(Dataset entries)
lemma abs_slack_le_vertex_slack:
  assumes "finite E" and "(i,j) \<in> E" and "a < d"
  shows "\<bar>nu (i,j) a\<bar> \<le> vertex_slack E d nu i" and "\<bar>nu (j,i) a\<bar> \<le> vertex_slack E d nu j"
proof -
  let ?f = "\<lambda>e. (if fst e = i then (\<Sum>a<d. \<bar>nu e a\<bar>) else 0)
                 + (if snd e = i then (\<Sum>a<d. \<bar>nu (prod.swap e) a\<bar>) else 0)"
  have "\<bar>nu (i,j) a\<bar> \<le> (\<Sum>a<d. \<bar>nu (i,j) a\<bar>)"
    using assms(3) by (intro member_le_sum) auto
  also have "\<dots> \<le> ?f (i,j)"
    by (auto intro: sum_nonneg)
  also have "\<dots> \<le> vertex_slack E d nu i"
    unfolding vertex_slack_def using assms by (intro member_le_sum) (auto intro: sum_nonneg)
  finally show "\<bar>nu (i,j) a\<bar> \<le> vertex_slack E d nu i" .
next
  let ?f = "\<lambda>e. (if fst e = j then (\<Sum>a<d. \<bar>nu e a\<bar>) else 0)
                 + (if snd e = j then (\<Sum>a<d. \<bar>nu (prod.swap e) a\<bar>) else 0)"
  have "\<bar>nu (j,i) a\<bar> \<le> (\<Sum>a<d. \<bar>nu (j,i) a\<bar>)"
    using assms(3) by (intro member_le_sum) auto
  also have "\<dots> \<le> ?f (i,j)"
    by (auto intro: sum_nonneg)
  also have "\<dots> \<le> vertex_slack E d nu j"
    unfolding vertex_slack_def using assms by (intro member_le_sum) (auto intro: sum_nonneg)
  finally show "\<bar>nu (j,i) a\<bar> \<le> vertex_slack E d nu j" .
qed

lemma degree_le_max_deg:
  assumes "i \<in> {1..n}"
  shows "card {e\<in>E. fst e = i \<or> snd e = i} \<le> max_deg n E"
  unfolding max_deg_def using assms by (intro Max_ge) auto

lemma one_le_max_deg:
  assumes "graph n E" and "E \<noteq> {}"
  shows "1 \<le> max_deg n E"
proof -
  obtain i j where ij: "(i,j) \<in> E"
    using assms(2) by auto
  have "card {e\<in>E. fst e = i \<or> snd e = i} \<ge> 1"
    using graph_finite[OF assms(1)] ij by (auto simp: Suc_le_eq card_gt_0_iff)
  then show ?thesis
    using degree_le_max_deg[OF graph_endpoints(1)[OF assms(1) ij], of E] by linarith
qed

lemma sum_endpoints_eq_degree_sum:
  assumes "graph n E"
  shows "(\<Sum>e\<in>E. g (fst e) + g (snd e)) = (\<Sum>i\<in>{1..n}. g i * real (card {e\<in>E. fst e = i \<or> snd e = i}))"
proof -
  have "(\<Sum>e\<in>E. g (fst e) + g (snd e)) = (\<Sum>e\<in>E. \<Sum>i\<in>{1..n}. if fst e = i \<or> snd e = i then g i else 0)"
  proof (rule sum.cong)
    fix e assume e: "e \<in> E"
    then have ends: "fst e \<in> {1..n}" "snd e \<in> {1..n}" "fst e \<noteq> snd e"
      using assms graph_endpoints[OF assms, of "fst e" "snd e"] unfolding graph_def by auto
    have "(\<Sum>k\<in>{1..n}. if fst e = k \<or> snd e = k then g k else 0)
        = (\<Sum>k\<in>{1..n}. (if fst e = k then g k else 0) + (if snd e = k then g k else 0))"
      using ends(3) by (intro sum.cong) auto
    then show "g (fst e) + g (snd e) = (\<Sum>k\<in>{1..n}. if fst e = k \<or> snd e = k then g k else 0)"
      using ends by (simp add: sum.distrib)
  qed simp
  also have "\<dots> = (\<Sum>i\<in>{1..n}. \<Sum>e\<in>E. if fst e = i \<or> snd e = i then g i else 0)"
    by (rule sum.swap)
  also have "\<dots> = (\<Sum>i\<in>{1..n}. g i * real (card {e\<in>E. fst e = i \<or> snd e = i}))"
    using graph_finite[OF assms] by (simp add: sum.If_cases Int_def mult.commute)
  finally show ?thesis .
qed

==

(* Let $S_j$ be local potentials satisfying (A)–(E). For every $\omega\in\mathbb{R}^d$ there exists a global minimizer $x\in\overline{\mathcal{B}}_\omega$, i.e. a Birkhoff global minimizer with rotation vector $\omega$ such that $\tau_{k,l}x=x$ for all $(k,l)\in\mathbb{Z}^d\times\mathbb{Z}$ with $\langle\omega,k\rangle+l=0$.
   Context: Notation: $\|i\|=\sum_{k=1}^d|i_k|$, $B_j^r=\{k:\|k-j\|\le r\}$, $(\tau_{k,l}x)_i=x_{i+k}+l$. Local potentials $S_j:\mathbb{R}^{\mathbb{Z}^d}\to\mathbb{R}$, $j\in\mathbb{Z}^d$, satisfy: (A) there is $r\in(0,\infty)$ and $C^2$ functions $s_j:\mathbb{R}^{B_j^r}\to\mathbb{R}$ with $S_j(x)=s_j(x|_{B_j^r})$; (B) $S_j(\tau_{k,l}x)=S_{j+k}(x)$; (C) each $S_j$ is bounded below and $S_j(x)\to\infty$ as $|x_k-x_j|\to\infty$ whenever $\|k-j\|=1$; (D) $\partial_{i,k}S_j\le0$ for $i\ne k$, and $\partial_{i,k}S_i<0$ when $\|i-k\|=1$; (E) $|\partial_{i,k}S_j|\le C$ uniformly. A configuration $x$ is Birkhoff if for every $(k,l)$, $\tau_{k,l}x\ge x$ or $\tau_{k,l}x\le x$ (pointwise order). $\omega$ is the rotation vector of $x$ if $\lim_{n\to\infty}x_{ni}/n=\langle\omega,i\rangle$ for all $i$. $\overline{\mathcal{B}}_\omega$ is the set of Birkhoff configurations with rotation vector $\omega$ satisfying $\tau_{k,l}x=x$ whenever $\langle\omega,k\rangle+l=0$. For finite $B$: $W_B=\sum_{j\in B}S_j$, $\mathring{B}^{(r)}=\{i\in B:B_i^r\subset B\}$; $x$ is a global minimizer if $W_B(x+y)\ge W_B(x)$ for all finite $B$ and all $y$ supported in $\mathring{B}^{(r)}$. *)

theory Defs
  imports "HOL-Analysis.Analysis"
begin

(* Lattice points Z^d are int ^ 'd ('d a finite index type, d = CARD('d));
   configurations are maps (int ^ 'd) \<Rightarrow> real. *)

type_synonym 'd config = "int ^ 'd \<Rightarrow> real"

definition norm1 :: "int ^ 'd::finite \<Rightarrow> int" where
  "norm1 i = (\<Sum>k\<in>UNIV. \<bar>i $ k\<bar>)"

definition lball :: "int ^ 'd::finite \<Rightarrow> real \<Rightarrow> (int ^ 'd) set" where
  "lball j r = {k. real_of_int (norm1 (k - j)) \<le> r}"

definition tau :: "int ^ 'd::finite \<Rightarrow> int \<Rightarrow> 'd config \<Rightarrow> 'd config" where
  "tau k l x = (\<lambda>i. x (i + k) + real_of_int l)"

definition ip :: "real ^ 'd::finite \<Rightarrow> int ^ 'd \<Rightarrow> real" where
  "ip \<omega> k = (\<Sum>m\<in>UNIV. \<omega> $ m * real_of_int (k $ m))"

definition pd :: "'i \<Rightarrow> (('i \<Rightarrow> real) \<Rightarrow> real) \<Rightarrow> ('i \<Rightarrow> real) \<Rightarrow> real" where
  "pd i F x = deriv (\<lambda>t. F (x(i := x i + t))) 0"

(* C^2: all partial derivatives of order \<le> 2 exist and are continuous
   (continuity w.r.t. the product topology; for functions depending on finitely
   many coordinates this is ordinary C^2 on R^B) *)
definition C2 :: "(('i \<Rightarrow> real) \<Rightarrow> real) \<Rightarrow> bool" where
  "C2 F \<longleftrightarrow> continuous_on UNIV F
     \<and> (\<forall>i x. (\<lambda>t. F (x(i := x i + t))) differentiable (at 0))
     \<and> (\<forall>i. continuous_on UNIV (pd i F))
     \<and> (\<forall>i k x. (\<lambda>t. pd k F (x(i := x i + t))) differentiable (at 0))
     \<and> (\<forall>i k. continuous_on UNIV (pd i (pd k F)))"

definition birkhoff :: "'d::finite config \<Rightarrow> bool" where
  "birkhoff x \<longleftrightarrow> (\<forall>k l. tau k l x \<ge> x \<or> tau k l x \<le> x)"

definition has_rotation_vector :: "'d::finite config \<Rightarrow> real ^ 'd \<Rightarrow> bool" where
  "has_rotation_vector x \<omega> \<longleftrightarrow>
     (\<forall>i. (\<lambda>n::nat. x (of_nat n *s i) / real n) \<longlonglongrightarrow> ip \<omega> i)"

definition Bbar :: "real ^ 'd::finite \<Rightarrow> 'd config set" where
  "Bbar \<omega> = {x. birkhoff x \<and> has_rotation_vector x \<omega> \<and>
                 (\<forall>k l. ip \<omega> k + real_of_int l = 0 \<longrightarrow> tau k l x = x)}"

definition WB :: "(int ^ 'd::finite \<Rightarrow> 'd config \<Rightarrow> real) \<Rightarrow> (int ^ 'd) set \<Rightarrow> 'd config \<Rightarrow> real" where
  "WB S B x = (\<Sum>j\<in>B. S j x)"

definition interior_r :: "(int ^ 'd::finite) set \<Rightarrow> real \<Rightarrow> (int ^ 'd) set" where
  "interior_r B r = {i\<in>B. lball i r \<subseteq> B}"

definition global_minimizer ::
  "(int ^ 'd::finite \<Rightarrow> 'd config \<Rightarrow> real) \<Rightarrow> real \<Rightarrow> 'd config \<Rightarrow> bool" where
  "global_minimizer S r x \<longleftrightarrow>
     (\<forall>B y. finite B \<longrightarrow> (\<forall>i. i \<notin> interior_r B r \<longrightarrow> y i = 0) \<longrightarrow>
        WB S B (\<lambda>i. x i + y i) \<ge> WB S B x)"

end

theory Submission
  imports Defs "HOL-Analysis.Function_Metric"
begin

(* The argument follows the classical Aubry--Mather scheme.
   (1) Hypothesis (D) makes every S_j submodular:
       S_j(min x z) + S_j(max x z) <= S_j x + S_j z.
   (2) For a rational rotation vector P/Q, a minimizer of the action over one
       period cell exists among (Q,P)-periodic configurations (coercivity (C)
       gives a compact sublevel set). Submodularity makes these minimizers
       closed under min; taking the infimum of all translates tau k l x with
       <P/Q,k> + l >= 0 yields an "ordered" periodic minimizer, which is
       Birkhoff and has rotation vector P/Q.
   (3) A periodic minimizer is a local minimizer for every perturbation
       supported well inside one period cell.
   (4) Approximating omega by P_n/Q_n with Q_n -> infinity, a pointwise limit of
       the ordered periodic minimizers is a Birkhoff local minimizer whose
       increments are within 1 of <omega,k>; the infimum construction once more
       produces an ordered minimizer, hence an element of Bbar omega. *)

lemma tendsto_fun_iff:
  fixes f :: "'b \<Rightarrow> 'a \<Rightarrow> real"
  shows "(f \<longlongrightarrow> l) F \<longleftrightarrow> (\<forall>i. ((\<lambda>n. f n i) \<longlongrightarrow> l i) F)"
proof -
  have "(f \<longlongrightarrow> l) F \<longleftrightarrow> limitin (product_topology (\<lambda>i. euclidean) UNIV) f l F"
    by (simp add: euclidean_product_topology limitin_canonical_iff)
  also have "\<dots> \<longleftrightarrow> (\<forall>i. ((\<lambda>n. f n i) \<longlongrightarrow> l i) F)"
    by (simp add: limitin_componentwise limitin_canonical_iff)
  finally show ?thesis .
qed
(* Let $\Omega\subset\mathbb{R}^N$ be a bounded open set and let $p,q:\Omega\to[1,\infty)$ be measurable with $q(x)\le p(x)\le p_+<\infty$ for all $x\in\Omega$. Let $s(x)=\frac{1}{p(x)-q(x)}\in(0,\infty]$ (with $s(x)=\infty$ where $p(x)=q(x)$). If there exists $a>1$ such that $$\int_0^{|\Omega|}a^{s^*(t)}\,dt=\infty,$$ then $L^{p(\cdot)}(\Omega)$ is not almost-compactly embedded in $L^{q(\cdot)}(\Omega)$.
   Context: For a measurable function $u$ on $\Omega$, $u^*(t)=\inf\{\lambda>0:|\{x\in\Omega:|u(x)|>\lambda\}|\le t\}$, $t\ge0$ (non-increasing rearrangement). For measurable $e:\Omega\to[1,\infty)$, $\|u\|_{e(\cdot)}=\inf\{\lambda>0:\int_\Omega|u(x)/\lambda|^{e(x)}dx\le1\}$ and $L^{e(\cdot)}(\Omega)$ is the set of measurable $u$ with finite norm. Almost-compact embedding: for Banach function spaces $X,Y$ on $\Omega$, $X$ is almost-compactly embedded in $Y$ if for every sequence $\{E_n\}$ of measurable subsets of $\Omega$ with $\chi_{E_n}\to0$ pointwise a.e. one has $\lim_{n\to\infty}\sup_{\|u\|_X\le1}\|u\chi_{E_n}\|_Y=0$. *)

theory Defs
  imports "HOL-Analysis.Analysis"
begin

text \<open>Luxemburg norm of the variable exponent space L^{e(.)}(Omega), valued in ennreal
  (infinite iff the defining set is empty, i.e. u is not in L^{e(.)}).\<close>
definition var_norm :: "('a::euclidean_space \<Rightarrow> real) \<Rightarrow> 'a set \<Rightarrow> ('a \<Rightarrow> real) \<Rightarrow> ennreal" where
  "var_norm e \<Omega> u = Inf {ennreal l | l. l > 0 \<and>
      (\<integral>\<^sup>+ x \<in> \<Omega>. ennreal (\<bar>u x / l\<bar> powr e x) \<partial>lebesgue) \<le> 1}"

Aim of the task: Return, from the entries, each line that holds "minimizers".

Final answer:
       gives a compact sublevel set). Submodularity makes these minimizers
       the ordered periodic minimizers is a Birkhoff local minimizer whose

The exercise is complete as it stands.